# EXERCISE:
In the listing below, find every line with the string "also" and pull it out.

# THE DATA:

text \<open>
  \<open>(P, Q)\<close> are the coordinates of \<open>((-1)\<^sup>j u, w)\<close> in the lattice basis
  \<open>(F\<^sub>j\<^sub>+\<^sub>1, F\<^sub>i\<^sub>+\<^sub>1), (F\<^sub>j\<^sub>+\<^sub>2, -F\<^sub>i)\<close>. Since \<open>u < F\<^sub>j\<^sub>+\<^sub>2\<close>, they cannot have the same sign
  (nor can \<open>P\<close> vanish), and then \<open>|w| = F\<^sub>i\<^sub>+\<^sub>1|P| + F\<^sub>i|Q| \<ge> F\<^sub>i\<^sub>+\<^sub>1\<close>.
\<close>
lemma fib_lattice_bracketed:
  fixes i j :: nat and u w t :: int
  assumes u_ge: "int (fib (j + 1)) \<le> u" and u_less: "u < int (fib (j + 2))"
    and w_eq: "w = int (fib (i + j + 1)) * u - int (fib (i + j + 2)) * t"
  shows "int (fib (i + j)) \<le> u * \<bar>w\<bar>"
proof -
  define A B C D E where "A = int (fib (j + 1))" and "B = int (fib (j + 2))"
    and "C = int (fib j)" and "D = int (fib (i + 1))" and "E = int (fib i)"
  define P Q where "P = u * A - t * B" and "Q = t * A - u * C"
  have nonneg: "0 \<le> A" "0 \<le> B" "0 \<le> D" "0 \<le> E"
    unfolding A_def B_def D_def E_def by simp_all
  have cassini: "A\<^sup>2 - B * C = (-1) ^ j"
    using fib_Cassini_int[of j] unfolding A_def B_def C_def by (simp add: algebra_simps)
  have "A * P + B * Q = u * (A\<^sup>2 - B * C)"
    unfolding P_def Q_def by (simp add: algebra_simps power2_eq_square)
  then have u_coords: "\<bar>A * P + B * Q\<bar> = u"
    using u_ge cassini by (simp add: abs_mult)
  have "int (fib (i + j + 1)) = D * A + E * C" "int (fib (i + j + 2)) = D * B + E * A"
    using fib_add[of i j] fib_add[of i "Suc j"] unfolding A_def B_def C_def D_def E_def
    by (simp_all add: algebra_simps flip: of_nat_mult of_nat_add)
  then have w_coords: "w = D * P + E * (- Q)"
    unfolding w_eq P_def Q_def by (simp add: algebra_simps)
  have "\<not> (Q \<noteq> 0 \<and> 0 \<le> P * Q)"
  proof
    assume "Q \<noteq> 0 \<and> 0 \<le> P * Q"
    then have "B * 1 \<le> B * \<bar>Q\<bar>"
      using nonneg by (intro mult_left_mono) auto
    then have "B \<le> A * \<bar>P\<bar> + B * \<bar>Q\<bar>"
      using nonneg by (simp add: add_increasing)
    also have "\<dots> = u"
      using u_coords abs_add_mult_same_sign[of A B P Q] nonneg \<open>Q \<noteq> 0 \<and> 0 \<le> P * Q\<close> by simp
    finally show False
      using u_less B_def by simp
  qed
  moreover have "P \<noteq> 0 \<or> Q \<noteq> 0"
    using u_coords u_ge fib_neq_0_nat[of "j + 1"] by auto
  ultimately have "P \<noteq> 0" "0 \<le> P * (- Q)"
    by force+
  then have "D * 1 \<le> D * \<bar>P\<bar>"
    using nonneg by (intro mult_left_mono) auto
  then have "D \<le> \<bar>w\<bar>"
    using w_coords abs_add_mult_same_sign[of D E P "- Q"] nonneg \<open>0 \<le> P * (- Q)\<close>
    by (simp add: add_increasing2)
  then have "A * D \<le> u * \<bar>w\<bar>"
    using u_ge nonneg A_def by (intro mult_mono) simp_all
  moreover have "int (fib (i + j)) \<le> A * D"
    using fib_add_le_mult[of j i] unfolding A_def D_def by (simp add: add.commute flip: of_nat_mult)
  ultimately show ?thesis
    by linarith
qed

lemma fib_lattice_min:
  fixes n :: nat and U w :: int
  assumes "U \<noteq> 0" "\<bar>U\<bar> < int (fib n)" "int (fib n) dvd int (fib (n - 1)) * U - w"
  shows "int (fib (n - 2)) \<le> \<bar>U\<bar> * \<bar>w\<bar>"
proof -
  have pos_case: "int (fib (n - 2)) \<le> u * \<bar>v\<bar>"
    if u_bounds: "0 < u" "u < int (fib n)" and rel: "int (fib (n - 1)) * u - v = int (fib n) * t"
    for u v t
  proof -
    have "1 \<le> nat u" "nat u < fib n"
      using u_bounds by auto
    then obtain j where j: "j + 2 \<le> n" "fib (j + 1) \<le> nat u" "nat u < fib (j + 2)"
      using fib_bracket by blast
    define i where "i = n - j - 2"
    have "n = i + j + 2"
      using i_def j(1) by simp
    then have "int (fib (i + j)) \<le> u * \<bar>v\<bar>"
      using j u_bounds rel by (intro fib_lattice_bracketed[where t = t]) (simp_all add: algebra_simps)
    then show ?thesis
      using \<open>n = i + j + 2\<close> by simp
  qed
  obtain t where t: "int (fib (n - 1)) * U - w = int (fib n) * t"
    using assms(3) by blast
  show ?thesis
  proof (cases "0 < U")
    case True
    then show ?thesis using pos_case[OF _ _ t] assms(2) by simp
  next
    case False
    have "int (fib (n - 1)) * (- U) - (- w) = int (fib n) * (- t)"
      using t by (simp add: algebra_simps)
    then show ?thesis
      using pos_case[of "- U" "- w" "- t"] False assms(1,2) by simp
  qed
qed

---

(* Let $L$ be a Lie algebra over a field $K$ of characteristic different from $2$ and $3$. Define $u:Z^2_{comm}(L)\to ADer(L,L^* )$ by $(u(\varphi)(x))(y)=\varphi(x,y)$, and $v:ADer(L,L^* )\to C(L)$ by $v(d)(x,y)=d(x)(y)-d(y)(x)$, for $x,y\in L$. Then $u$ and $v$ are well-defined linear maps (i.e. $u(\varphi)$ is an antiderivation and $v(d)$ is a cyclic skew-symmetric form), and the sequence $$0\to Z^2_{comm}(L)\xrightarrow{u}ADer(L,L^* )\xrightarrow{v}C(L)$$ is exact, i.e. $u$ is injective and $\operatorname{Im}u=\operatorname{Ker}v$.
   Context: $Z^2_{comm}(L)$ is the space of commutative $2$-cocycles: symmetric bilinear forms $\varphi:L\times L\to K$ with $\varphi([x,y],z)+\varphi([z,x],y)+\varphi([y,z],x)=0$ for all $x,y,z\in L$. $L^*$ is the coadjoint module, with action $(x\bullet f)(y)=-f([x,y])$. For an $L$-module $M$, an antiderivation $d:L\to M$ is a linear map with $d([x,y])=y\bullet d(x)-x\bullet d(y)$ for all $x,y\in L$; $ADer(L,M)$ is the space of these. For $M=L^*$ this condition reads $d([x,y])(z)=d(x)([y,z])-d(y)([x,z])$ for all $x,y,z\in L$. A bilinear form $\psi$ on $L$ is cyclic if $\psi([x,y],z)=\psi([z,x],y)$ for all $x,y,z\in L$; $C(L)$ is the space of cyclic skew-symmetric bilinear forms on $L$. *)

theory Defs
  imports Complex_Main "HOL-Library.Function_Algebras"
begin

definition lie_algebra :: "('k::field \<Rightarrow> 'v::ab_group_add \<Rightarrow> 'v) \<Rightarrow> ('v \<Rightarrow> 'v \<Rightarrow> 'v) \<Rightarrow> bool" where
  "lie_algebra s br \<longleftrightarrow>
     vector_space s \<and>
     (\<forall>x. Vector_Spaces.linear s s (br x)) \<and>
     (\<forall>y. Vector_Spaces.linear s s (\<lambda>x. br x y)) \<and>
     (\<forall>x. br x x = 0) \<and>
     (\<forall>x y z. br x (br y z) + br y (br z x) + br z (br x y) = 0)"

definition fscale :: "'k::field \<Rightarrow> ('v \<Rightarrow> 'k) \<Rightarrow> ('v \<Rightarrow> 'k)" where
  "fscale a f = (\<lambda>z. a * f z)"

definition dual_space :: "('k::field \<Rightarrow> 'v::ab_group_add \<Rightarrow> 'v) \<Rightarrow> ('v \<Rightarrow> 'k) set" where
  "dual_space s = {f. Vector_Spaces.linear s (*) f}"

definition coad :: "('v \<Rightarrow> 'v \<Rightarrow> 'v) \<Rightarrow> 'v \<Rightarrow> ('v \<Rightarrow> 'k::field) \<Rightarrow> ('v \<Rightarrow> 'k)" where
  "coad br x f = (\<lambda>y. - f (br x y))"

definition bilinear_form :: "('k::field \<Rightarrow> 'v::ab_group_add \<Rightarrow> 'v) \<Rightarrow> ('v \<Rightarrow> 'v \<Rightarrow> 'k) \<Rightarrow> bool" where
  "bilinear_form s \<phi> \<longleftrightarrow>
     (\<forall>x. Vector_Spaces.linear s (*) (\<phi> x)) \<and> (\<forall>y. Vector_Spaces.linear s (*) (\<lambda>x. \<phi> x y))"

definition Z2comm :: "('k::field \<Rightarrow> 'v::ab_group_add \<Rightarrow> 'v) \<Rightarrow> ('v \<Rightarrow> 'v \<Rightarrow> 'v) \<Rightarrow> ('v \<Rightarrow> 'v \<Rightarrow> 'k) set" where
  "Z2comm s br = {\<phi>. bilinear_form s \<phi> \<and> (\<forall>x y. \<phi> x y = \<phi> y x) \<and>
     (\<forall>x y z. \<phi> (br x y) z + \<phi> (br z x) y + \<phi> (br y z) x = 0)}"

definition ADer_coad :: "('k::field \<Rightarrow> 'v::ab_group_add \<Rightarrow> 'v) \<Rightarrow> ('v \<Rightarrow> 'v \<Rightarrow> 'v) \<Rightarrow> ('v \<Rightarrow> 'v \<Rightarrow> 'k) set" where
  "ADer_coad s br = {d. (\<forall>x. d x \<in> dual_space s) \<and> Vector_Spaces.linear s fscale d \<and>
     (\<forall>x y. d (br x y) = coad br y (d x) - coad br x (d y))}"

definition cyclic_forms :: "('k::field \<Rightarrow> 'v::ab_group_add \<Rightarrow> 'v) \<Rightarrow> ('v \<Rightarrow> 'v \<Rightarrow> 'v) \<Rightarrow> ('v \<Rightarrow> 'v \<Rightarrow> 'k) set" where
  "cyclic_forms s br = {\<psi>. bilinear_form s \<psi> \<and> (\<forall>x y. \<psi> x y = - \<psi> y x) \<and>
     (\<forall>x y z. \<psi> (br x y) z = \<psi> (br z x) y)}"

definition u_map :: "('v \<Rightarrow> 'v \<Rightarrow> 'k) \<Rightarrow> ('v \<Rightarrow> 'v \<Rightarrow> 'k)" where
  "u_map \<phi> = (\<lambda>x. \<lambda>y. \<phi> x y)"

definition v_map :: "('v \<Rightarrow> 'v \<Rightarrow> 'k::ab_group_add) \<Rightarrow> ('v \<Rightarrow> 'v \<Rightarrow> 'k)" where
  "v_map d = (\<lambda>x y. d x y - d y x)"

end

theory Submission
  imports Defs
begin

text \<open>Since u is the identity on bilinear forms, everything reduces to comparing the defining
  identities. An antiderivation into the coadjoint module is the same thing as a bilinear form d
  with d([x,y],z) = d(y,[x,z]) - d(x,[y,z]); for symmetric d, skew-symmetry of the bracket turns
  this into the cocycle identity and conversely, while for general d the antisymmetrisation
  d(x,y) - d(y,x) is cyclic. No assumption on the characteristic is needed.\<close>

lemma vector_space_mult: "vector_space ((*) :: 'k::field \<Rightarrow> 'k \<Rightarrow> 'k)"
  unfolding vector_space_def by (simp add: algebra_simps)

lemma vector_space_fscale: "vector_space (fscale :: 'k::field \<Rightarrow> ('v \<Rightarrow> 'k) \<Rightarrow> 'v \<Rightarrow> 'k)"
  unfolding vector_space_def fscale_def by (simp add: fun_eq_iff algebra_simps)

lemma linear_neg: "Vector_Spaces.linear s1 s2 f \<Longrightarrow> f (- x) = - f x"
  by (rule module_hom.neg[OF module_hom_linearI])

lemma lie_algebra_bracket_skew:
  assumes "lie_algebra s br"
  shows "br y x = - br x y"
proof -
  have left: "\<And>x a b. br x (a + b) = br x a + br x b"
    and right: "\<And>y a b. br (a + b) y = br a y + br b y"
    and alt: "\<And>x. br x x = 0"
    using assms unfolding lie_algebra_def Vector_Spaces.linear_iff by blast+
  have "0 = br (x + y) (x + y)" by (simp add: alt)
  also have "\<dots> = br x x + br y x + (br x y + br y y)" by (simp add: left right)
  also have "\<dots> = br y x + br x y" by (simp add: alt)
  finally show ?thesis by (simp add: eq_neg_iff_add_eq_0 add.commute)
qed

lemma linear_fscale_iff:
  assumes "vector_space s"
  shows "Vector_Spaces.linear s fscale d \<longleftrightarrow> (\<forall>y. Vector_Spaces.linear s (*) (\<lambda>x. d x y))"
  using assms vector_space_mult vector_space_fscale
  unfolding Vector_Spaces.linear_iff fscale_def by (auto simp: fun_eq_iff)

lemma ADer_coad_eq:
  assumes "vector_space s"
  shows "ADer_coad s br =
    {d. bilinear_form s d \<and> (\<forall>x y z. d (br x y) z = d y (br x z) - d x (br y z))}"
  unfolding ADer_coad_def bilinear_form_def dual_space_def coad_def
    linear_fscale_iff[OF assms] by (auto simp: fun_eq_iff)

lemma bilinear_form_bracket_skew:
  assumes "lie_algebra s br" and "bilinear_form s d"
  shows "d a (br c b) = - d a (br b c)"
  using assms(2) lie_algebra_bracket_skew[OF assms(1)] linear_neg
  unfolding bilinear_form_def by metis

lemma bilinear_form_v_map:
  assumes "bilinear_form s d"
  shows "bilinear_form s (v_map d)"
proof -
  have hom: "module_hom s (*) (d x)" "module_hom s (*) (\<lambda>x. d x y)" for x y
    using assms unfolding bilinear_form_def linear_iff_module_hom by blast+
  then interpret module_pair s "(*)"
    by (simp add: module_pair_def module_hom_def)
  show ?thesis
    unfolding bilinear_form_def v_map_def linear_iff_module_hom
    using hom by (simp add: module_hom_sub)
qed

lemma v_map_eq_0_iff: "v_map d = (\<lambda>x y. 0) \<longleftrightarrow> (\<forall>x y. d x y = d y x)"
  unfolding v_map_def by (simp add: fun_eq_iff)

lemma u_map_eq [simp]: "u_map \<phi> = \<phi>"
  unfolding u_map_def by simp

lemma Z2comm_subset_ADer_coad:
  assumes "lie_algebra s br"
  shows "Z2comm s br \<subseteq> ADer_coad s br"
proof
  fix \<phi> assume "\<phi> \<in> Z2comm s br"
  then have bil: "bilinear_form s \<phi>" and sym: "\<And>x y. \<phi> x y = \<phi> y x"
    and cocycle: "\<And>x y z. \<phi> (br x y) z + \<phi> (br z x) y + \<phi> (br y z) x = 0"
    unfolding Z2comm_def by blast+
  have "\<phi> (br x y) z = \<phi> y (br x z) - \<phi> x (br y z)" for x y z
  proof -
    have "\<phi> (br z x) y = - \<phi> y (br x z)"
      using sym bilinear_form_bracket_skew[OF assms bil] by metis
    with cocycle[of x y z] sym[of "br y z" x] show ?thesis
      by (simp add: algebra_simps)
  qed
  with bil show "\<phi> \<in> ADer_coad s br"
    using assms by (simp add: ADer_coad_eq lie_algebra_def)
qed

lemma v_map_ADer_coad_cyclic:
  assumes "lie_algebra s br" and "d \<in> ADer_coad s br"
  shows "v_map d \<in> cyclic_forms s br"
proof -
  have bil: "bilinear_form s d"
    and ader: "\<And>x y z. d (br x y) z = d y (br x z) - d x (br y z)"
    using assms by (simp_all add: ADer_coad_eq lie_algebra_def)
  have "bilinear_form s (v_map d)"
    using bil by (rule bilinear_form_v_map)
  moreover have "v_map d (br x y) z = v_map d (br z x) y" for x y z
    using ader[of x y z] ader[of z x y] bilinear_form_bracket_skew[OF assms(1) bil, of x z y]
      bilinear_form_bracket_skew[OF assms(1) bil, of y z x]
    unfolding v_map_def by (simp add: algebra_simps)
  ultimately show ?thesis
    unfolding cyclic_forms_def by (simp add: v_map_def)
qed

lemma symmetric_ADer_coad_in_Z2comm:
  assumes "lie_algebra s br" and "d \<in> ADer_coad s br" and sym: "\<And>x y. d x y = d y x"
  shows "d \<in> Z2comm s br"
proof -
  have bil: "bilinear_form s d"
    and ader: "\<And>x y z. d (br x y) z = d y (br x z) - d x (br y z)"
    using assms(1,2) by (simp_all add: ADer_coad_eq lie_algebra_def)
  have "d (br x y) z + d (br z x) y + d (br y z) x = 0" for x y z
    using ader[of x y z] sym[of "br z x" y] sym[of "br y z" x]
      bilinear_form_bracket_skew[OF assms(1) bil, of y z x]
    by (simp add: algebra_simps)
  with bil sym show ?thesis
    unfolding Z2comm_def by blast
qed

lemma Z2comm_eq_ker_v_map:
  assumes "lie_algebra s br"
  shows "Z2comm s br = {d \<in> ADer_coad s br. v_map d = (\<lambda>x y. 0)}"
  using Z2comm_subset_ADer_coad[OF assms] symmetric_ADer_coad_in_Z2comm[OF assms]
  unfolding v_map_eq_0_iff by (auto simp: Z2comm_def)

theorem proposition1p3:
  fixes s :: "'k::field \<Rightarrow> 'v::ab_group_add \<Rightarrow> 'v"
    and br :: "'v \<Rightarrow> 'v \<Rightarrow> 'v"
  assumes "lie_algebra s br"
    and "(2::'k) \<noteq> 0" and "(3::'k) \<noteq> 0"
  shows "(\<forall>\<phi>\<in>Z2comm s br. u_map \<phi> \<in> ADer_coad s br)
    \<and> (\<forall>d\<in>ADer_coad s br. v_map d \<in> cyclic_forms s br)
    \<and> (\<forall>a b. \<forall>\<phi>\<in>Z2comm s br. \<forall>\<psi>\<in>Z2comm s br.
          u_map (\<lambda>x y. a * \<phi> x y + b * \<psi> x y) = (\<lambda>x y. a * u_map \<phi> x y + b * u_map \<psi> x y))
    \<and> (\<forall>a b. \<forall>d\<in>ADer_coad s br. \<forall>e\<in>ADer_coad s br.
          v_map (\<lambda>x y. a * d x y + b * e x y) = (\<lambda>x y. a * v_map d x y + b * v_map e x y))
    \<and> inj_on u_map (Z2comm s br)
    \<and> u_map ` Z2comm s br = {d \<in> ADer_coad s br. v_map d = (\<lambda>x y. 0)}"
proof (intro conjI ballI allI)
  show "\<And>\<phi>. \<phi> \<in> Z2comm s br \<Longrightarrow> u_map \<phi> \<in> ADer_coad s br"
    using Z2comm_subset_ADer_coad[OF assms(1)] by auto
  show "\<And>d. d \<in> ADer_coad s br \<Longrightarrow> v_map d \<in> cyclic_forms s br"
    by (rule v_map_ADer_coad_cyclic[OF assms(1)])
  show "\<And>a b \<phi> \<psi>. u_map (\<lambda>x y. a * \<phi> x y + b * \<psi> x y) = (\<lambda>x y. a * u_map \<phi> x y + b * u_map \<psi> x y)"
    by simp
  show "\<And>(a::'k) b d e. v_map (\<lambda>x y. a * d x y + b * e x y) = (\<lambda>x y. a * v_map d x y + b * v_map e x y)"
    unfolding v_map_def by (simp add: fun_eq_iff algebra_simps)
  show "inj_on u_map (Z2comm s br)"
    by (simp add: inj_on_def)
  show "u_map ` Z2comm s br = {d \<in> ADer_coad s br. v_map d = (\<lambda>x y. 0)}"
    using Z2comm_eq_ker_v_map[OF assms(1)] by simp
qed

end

# OUTPUT FOR THIS EXERCISE:
    also have "\<dots> = u"
  also have "\<dots> = br x x + br y x + (br x y + br y y)" by (simp add: left right)
  also have "\<dots> = br y x + br x y" by (simp add: alt)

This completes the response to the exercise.